[Web-SIG] HTML parsers and DOM; WWW::Mechanize work-alike

Casey Duncan casey at zope.com
Tue Dec 2 11:58:46 EST 2003


On Tue, 02 Dec 2003 10:07:19 -0600
Simon Willison <cs1spw at bath.ac.uk> wrote:

> Stuart Langridge wrote:
> > I don't see that tidy's ability to tidy HTML per se is useful, but I
> > think that it's very useful in that it can take invalid HTML and
> > convert it to valid XHTML. That way, we can get a DOM tree from invalid
> > HTML, which is very useful...
> 
> Is there any way we could get a DOM tree from invalid HTML using pure 
> Python tools? The HTML tools in the Python standard library at the 
> moment are all pure Python. Could we even use the existing sgmllib 
> module (or an extension of it) to create our own DOM tree from invalid HTML?
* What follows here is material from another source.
(* Fix an integer $n\ge 0$ and $\mathbb K\in\{\mathbb R,\mathbb C\}$. Let $\mathcal B^0\supset\mathcal B^1\supset\cdots\supset\mathcal B^{n+1}$ be linear subspaces and let $\mathcal L=\mathcal L_0,\dots,\mathcal L_n$, $\mathcal L(\epsilon,\cdot)$ ($\epsilon\in(0,1)$) be linear operators satisfying conditions (I), (II), (IV) of the context. Assume also: (a) each $\mathcal B^k$ is a Banach space; (b) $\nu$ is a bounded linear functional on $\mathcal B^0$; $\mathcal L_j$ is bounded $\mathcal B^i\to\mathcal B^{i-j}$ and $\sup_{\epsilon}\|\tilde{\mathcal L}_j(\epsilon,\cdot)\|_{\mathcal B^i\to\mathcal B^{i-j}}<+\infty$ for $j=0,\dots,n$ and $i=j,\dots,n+1$; $\sup_\epsilon\|g(\epsilon,\cdot)\|_{\mathcal B^i}<+\infty$ for $i=0,\dots,n+1$; $\mathcal R_\lambda$ is bounded $\mathcal B^1\to\mathcal B^0$ and bounded on $\mathcal B^i$ for $i=1,\dots,n+1$; and $\mathcal R_\lambda:\mathcal B^1\to\mathcal B^0$ is weak bounded; (c) $\lim_{\epsilon\to0}\|\tilde{\mathcal L}_j(\epsilon,\cdot)\|_{\mathcal B^{i+1}\to\mathcal B^{i-j}}=0$ for each $j=0,\dots,n$ and $i=j,\dots,n$. Then $\|\tilde g_n(\epsilon,\cdot)\|_{\mathcal B^0}\to0$ as $\epsilon\to0$. In particular, $\|\tilde g_k(\epsilon,\cdot)\|_{\mathcal B^i}\to0$ for $k,i\ge0$ with $k+i\le n$, and $\sup_{\epsilon}\|\tilde g_k(\epsilon,\cdot)\|_{\mathcal B^{n+1-k}}<\infty$ for $k=0,\dots,n$.
   Context: Conditions. (I) For each $j=0,\dots,n$ and $i=j,\dots,n$, $\mathcal L_j$ maps $\mathcal B^i$ linearly into $\mathcal B^{i-j}$. (II) $\mathcal L:\mathcal B^0\to\mathcal B^0$ decomposes as $\mathcal L=\lambda(h\otimes\nu)+\mathcal R$ with $(\lambda,h,\nu)\in\mathbb K\times\mathcal B^{n+1}\times(\mathcal B^0)^*$ ($(\mathcal B^0)^*$ = linear functionals), $\lambda\neq0$, $\nu\circ\mathcal L=\lambda\nu$, $\mathcal Lh=\lambda h$, $\nu(h)=1$, where $(h\otimes\nu)f=\nu(f)h$; and there is a linear subspace $\mathcal D^0$ with $\mathcal B^1\subset\mathcal D^0\subset\mathcal B^0$ such that every $f\in\mathcal D^0$ has exactly one $g\in\mathcal B^0$ with $(\mathcal R-\lambda\mathcal I)g=f$; this inverse $\mathcal R_\lambda:\mathcal D^0\to\mathcal B^0$ satisfies $\mathcal R_\lambda\mathcal B^i\subset\mathcal B^i$ for $1\le i\le n+1$. (IV) For each $\epsilon\in(0,1)$, $\mathcal L(\epsilon,\cdot)$ maps $\mathcal B^{n+1}$ into $\mathcal B^0$ and there are $\lambda(\epsilon)\in\mathbb K$, $h(\epsilon,\cdot)\in\mathcal B^{n+1}$ with $\mathcal L(\epsilon,h(\epsilon,\cdot))=\lambda(\epsilon)h(\epsilon,\cdot)$ and $\nu(h(\epsilon,\cdot))\ne0$. Notation. $\tilde{\mathcal L}_j(\epsilon,\cdot):=(\mathcal L(\epsilon,\cdot)-\mathcal L-\sum_{i=1}^j\mathcal L_i\epsilon^i)/\epsilon^j$; $\mathcal P=h\otimes\nu$; $\mathcal S:=\mathcal R_\lambda(\mathcal I-\mathcal P)$; $g(\epsilon,\cdot):=h(\epsilon,\cdot)/\nu(h(\epsilon,\cdot))$. Coefficients: $g_0=h$ and recursively $\lambda_k=\sum_{j=1}^k\nu(\mathcal L_jg_{k-j})$, $g_k=\sum_{j=1}^k\mathcal S(\lambda_j\mathcal I-\mathcal L_j)g_{k-j}$ for $k=1,\dots,n$. Remainders: $\tilde g_k(\epsilon,\cdot):=(g(\epsilon,\cdot)-\sum_{i=0}^k g_i\epsilon^i)/\epsilon^k$ for $0\le k\le n$. An operator $\mathcal A:\mathcal B^1\to\mathcal B^0$ is weak bounded if for every $\eta>0$ there is $c(\eta)>0$ with $\|\mathcal Af\|_{\mathcal B^0}\le c(\eta)\|f\|_{\mathcal B^0}+\eta\|f\|_{\mathcal B^1}$ for all $f\in\mathcal B^1$. *)

theory Defs
  imports Complex_Main
begin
According to the docs, tidylib exposes a DOM-like interface for walking the document tree of documents it has parsed. My understanding is that this is designed to work for broken HTML up to valid XHTML. If it works as advertised, it could be a good engine to put behind a nice python api.

See: http://tidy.sourceforge.net/docs/api/group__Tree.html

The API gets a bit verbose in places (separate functions to test for each tag and attribute type). These look like compliments to the generic functions, perhaps to avoid putting too much HTML knowledge directly in the user code.

Also, tidylib's memory allocation is hookable, in case we wanted to use Python's malloc/free (not sure whether we need to).